(* Let $r\ge 2$ and $t\ge 1$ be integers, and let $H$ be an $r$-partite $r$-graph. If $|E(H)|>\frac{t-1}{r}\,|\partial H|$, then $H$ contains (as a subhypergraph) every tight $r$-tree $T$ having $t$ edges.
   Context: An $r$-graph is an $r$-uniform hypergraph. An $r$-graph is $r$-partite if its vertex set can be partitioned into $r$ classes $V_1,\dots,V_r$ such that every edge contains exactly one vertex from each class. The shadow $\partial H$ of an $r$-graph $H$ is the set of all $(r-1)$-element sets contained in some edge of $H$. A tight $r$-tree is any $r$-graph constructed as follows: start with $T_1$ consisting of a single edge $e_1$ and its $r$ vertices; at each step $i\ge 2$ add a new edge $e_i$ containing exactly one new vertex $v_i$ (not in $T_{i-1}$) such that $e_i\setminus\{v_i\}$ is a subset of some edge of $T_{i-1}$, obtaining $T_i$. *)

theory Defs
  imports Complex_Main
begin

definition r_graph :: "nat \<Rightarrow> 'a set set \<Rightarrow> bool" where
  "r_graph r H \<longleftrightarrow> (\<forall>e\<in>H. finite e \<and> card e = r)"

definition r_partite :: "nat \<Rightarrow> 'a set set \<Rightarrow> bool" where
  "r_partite r H \<longleftrightarrow> (\<exists>c :: 'a \<Rightarrow> nat. (\<forall>v\<in>\<Union>H. c v < r) \<and>
      (\<forall>e\<in>H. \<forall>i<r. card {v\<in>e. c v = i} = 1))"

definition shadow :: "nat \<Rightarrow> 'a set set \<Rightarrow> 'a set set" where
  "shadow r H = {S. \<exists>e\<in>H. S \<subseteq> e \<and> card S = r - 1}"

inductive tight_tree :: "nat \<Rightarrow> 'b set set \<Rightarrow> bool" for r where
  single: "finite e \<Longrightarrow> card e = r \<Longrightarrow> tight_tree r {e}"
| step: "tight_tree r T \<Longrightarrow> v \<notin> \<Union>T \<Longrightarrow> f \<in> T \<Longrightarrow> S \<subseteq> f \<Longrightarrow> card S = r - 1
          \<Longrightarrow> tight_tree r (insert (insert v S) T)"

definition contains_copy :: "'a set set \<Rightarrow> 'b set set \<Rightarrow> bool" where
  "contains_copy H T \<longleftrightarrow> (\<exists>\<phi> :: 'b \<Rightarrow> 'a. inj_on \<phi> (\<Union>T) \<and> (\<forall>e\<in>T. \<phi> ` e \<in> H))"

end

theory Submission
  imports Defs "HOL-Number_Theory.Cong"
begin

..............................

■ **WORK INSTRUCTIONS**: Set down the line holding "theory Submission" and all later lines through the last one in the material above, exactly, and no other lines.

■ **YOUR SOLUTION**:
theory Submission
  imports Defs "HOL-Number_Theory.Cong"
begin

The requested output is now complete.